As that thought crossed my mind, he faltered, a thought running through his mind No, no, no, no love, no love. Just a fuck, its just a fuck, there's no love in sex. And I knew he was thinking to himself, not to me, but the thought itself made me sad as I knew he was avoiding any relationship where he might be loved. I pulled him closer, I wrapped my arms around him, I kissed him hard and I shifted positions so almost all of our skin touched as I thrust into him again and again and again, the head of my cock rubbing at his prostate with each and every thrust, pushing him to higher and higher depths of passion. I knew if I kept this up, he'd loose it, in my arms, mouth crushed to mind, body pressed to body, fireworks between us as he sparked and I took in he flames, unafraid of him, of them.

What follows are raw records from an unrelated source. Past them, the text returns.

(* Let $M$ be a closed topological disc, immersed in $\mathbb{R}^3$ as a capillary surface with support surface $S$ and with real-analytic boundary. Let $\gamma$ denote the boundary curve of $M$. Then $M$ is totally umbilic if and only if $\gamma$ has constant geodesic torsion in the support surface $S$. In this case, the geodesic torsion of $\gamma$ in $S$ is zero.
   Context: A capillary surface is an immersed surface $M$ of constant mean curvature whose boundary curve $\gamma$ lies in another surface $S$ (the support surface), such that $M$ and $S$ intersect with constant contact angle along $\gamma$ (the angle between the unit normals of $M$ and $S$ is constant along $\gamma$). Here $M$ is the image of the closed unit disc under a conformal constant mean curvature immersion defined on an open neighbourhood of the closed disc, with regular boundary curve. Totally umbilic means every point is umbilic (part of a round sphere or a plane). For a surface $\Sigma$ containing $\gamma$ with unit normal $N$ along $\gamma$, $\gamma$ parametrized by arc length and $Y=N\times\gamma'$, the geodesic torsion of $\gamma$ in $\Sigma$ is $\tau_g=\langle Y',N\rangle$. *)

theory Defs
  imports "HOL-Analysis.Analysis"
begin

text \<open>Parameter domains are subsets of the complex plane (identified with R^2, u + i v).
  Directional derivative of f at z in direction v.\<close>
definition pd :: "complex \<Rightarrow> (complex \<Rightarrow> 'a::real_normed_vector) \<Rightarrow> complex \<Rightarrow> 'a" where
  "pd v f z = frechet_derivative f (at z) v"

fun iter_pd :: "complex list \<Rightarrow> (complex \<Rightarrow> 'a::real_normed_vector) \<Rightarrow> complex \<Rightarrow> 'a" where
  "iter_pd [] f = f"
| "iter_pd (v # vs) f = pd v (iter_pd vs f)"

definition cinf_on :: "complex set \<Rightarrow> (complex \<Rightarrow> 'a::real_normed_vector) \<Rightarrow> bool" where
  "cinf_on U f \<longleftrightarrow> (\<forall>vs. \<forall>z\<in>U. iter_pd vs f differentiable (at z))"

definition immersion_on :: "complex set \<Rightarrow> (complex \<Rightarrow> real^3) \<Rightarrow> bool" where
  "immersion_on U X \<longleftrightarrow> open U \<and> cinf_on U X \<and>
     (\<forall>z\<in>U. cross3 (pd 1 X z) (pd \<i> X z) \<noteq> 0)"

definition conformal_immersion_on :: "complex set \<Rightarrow> (complex \<Rightarrow> real^3) \<Rightarrow> bool" where
  "conformal_immersion_on U X \<longleftrightarrow> immersion_on U X \<and>
     (\<forall>z\<in>U. inner (pd 1 X z) (pd 1 X z) = inner (pd \<i> X z) (pd \<i> X z) \<and>
            inner (pd 1 X z) (pd \<i> X z) = 0)"

definition unit_normal :: "(complex \<Rightarrow> real^3) \<Rightarrow> complex \<Rightarrow> real^3" where
  "unit_normal X z = (let n = cross3 (pd 1 X z) (pd \<i> X z) in (1 / norm n) *\<^sub>R n)"

definition fE :: "(complex \<Rightarrow> real^3) \<Rightarrow> complex \<Rightarrow> real" where
  "fE X z = inner (pd 1 X z) (pd 1 X z)"
definition fF :: "(complex \<Rightarrow> real^3) \<Rightarrow> complex \<Rightarrow> real" where
  "fF X z = inner (pd 1 X z) (pd \<i> X z)"
definition fG :: "(complex \<Rightarrow> real^3) \<Rightarrow> complex \<Rightarrow> real" where
  "fG X z = inner (pd \<i> X z) (pd \<i> X z)"
definition sL :: "(complex \<Rightarrow> real^3) \<Rightarrow> complex \<Rightarrow> real" where
  "sL X z = inner (pd 1 (pd 1 X) z) (unit_normal X z)"
definition sM :: "(complex \<Rightarrow> real^3) \<Rightarrow> complex \<Rightarrow> real" where
  "sM X z = inner (pd \<i> (pd 1 X) z) (unit_normal X z)"
definition sN :: "(complex \<Rightarrow> real^3) \<Rightarrow> complex \<Rightarrow> real" where
  "sN X z = inner (pd \<i> (pd \<i> X) z) (unit_normal X z)"

definition mean_curv :: "(complex \<Rightarrow> real^3) \<Rightarrow> complex \<Rightarrow> real" where
  "mean_curv X z = (fE X z * sN X z - 2 * fF X z * sM X z + fG X z * sL X z)
                   / (2 * (fE X z * fG X z - (fF X z)\<^sup>2))"

definition umbilic :: "(complex \<Rightarrow> real^3) \<Rightarrow> complex \<Rightarrow> bool" where
  "umbilic X z \<longleftrightarrow> (\<exists>k. sL X z = k * fE X z \<and> sM X z = k * fF X z \<and> sN X z = k * fG X z)"

definition real_analytic_on :: "real set \<Rightarrow> (real \<Rightarrow> 'a::real_normed_vector) \<Rightarrow> bool" where
  "real_analytic_on A f \<longleftrightarrow>
     (\<forall>t0\<in>A. \<exists>r>0. \<exists>a::nat \<Rightarrow> 'a. \<forall>t. \<bar>t - t0\<bar> < r \<longrightarrow> (\<lambda>n. (t - t0) ^ n *\<^sub>R a n) sums f t)"

text \<open>Geodesic torsion of the curve g (arbitrary regular parametrisation) in a surface with
  unit normal N(t) along g: with s arc length, T = dg/ds, Y = N x T, tau_g = <dY/ds, N>.\<close>
definition geodesic_torsion :: "(real \<Rightarrow> real^3) \<Rightarrow> (real \<Rightarrow> real^3) \<Rightarrow> real \<Rightarrow> real" where
  "geodesic_torsion g N t =
     inner (vector_derivative
              (\<lambda>s. cross3 (N s) ((1 / norm (vector_derivative g (at s))) *\<^sub>R vector_derivative g (at s)))
              (at t))
           (N t) / norm (vector_derivative g (at t))"

end

theory Submission
  imports Defs "HOL-Complex_Analysis.Complex_Analysis"
begin

text \<open>In conformal coordinates the Codazzi equations of a surface of constant mean curvature
  are the Cauchy--Riemann equations of \<open>Q = (L - N) - 2 i M\<close>, so \<open>Q\<close> is holomorphic, and
  it vanishes exactly at the umbilics. Along the boundary circle \<open>z = cis t\<close> the constant
  contact angle makes the normal of \<open>S\<close> a constant rotation of the normal of \<open>M\<close> about the
  tangent, so both give the same geodesic torsion, namely \<open>Im (z\<^sup>2 Q) / (2 E)\<close>. If this is a
  constant \<open>\<tau>\<close>, the holomorphic function \<open>z\<^sup>2 Q\<close> vanishes at \<open>0\<close> and has imaginary part
  \<open>2 E \<tau>\<close> on the circle; the maximum principle forces \<open>\<tau> = 0\<close>, then \<open>Im (z\<^sup>2 Q) = 0\<close> on the
  disc, so \<open>z\<^sup>2 Q\<close> is constant, hence zero, and \<open>M\<close> is totally umbilic.\<close>

section \<open>Directional derivatives\<close>

lemma has_derivative_pd: "f differentiable (at z) \<Longrightarrow> (f has_derivative (\<lambda>h. pd h f z)) (at z)"
  unfolding pd_def by (simp add: frechet_derivative_works[symmetric])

I used every bit of my strength to continue those thrusts, again, again, again, again, thrut after thrust in quick succession, and I heard his breath catch, I could feel his body tensing and my own was not far off, so very close to orgasm. He tried to pull away, not wanting so intimate an embrace when it was 'just sex' but I held onto him, I kissed hi harder, I devoured his mouth with every inch of my tongue, eating him from the mouth down to get to that sweet honey heat inside of him. His breath was like the hot summer day, caressing my skin as his body arched and heated up against me.

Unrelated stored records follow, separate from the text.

(* Let $(g,b)$ be a magnetic system without conjugate points on a closed oriented surface $M$. For every $v\in SM$ there exist $c=c(v)>0$ and $r_0=r_0(v)$ such that if $J$ is a perpendicular Jacobi field along $\gamma_v$ with $J(r)=0$ for some $r\ge r_0$, then $|\dot J(0)|\le c\,|J(0)|$. (Equivalently, in the quotient bundle: if $\xi\in Q^b(v)$ satisfies $d\pi(\Phi^r\xi)=0$ for some $r\ge r_0$, then $\|K(\xi)\|\le c\|d\pi(\xi)\|$, where $\|d\pi(\xi)\|=|J_\xi(0)|$ and $\|K(\xi)\|=|\dot J_\xi(0)|$.)
   Context: Magnetic system $(g,b)$: Riemannian metric $g$ (Gaussian curvature $K^g$) and $b\in C^\infty(M)$; $\mathrm{i}$ = rotation by $\pi/2$ by the orientation. For $v\in SM$, $\gamma_v$ is the unit speed curve with $(\gamma_v(0),\dot\gamma_v(0))=v$ and $\frac{D\dot\gamma_v}{dt}=b(\gamma_v)\,\mathrm{i}\dot\gamma_v$; magnetic flow $\phi^t_{g,b}$ on $SM$ with generator $X^b$. Magnetic curvature $\mathbb K^{g,b}(x,v)=K^g(x)-d_xb(\mathrm{i}v)+b(x)^2$. Perpendicular Jacobi field along $\gamma_v$: $J:\mathbb R\to\mathbb R$ with $\ddot J+\mathbb K^{g,b}(\gamma_v(t),\dot\gamma_v(t))J=0$. Without conjugate points: for all $v$, every nontrivial perpendicular Jacobi field $J$ along $\gamma_v$ with $J(0)=0$ satisfies $J(t)\ne0$ for $t\ne0$. Quotient bundle $Q^b(v)=T_vSM/\mathbb RX^b(v)$ with flow $\Phi^t$ induced by $d\phi^t_{g,b}$; $\xi\in Q^b(v)$ corresponds bijectively to a perpendicular Jacobi field $J_\xi$ along $\gamma_v$, with $J_{\Phi^t\xi}(s)=J_\xi(t+s)$. *)

theory Defs
  imports "HOL-Analysis.Analysis"
begin

text \<open>Abstract model of a magnetic system on a closed oriented surface, reduced to
  the data the statement depends on:
  SM (unit tangent bundle, elements of type 'v), the magnetic flow phi on SM,
  and the magnetic curvature function KK on SM (KK v = K^g(x) - d_x b(i v) + b(x)^2).
  The perpendicular Jacobi equation along gamma_v has coefficient
  t maps to KK (phi t v), since (gamma_v(t), gamma_v'(t)) = phi t v.\<close>

definition is_flow :: "'v set \<Rightarrow> (real \<Rightarrow> 'v \<Rightarrow> 'v) \<Rightarrow> bool" where
  "is_flow SM phi \<longleftrightarrow>
     (\<forall>v\<in>SM. phi 0 v = v) \<and>
     (\<forall>v\<in>SM. \<forall>t. phi t v \<in> SM) \<and>
     (\<forall>v\<in>SM. \<forall>s t. phi (s + t) v = phi s (phi t v))"

text \<open>Standing regularity coming from M closed and (g,b) smooth: the magnetic curvature
  is bounded on SM and continuous along every flow line.\<close>
definition magnetic_system :: "'v set \<Rightarrow> (real \<Rightarrow> 'v \<Rightarrow> 'v) \<Rightarrow> ('v \<Rightarrow> real) \<Rightarrow> bool" where
  "magnetic_system SM phi KK \<longleftrightarrow>
     is_flow SM phi \<and>
     (\<exists>B. \<forall>v\<in>SM. \<bar>KK v\<bar> \<le> B) \<and>
     (\<forall>v\<in>SM. continuous_on UNIV (\<lambda>t. KK (phi t v)))"

definition perp_jacobi ::
  "(real \<Rightarrow> 'v \<Rightarrow> 'v) \<Rightarrow> ('v \<Rightarrow> real) \<Rightarrow> 'v \<Rightarrow> (real \<Rightarrow> real) \<Rightarrow> (real \<Rightarrow> real) \<Rightarrow> bool" where
  "perp_jacobi phi KK v J J' \<longleftrightarrow>
     (\<forall>t. (J has_real_derivative J' t) (at t) \<and>
          (J' has_real_derivative (- KK (phi t v) * J t)) (at t))"

definition no_conjugate_points :: "'v set \<Rightarrow> (real \<Rightarrow> 'v \<Rightarrow> 'v) \<Rightarrow> ('v \<Rightarrow> real) \<Rightarrow> bool" where
  "no_conjugate_points SM phi KK \<longleftrightarrow>
     (\<forall>v\<in>SM. \<forall>J J'. perp_jacobi phi KK v J J' \<and> J 0 = 0 \<and> (\<exists>s. J s \<noteq> 0)
        \<longrightarrow> (\<forall>t. t \<noteq> 0 \<longrightarrow> J t \<noteq> 0))"

end

theory Submission
  imports Defs
begin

Sparks flew all over now, he was so close, and I knew when he lost it that it'd be explosive. His hair billowed everywhere, any breeze causing it to glow anew just like true living flames. Even his eyes glowed as I kissed him, held him, and thrust into his body. His very skin was the color of embers, and I thought he was nothing short of beautiful. And I thought it, again and again, how beautiful he was, how stunning he was, how badly I wanted him, how badly I wanted his pleasure, and I could feel it, each thrust causing me to moan in time with him, until that last second and I knew he could hold on no longer, and when e lost it, I was right after him barely able to contain the intensity of it.

Torn screamed against my mouth, his fingernails raking at my shoulders and down my back, causing long scratches to erupt against my flesh. I just held him throughout my own release, pumping my seed into a body gone so warm it was nearly uncomfortable, but not quite. His own seed against my belly was scorching hot, but I relished the sensation as a part of making love to this incredible creature I had the good fortune of holding in my arms. He shuddered, but I still wouldn't let him go, I held him, and my kiss became gentler, and my mind continued to linger within his, looking for coherent thoughts that I might see and file away in my memory for later consumption.

He shouldn't have held me like that. He shouldn't have held me. It felt so good, but he shouldn't have treated me like a lover. He should treat me like what I am, a whore who doesn't ask for money any more. Nothing but a god damn whore. A lonely whore, why do I do this to myself any more? Why? Because I need touch, I need contact with other beings, that's why.

I listened as he ranted to himself, and my fingers slid along his spine, gentle and caressing as I hid my own thoughts from view, but continued to listen. He either didn't realize he was thinking at all, which surprisingly enough happens to a lot of people, or he thought I was gone from his mind completely at this point

No one can ever love me. No one. He's gonna try and be nice to me now and I have to be strong and tell' em to fuck off, my life is my life and I'll do what I want. But Christ, I'd like to stay with him a few days, he's good in bed, he's not as bad as the last few men I was with. Who am I kidding, he's great in bed, and the last few men I stayed with one of em was a fuckin' rounder trying to bring me in. He continued to lay into my chest, but only for a few moments until I heard him admonishing himself for allowing himself to stay this physically close to me for this long, then he tried to pull away and off of my cock altogether. I let him draw away, but wasn't ready to have him pull off of me yet, so my hands stayed on his hips.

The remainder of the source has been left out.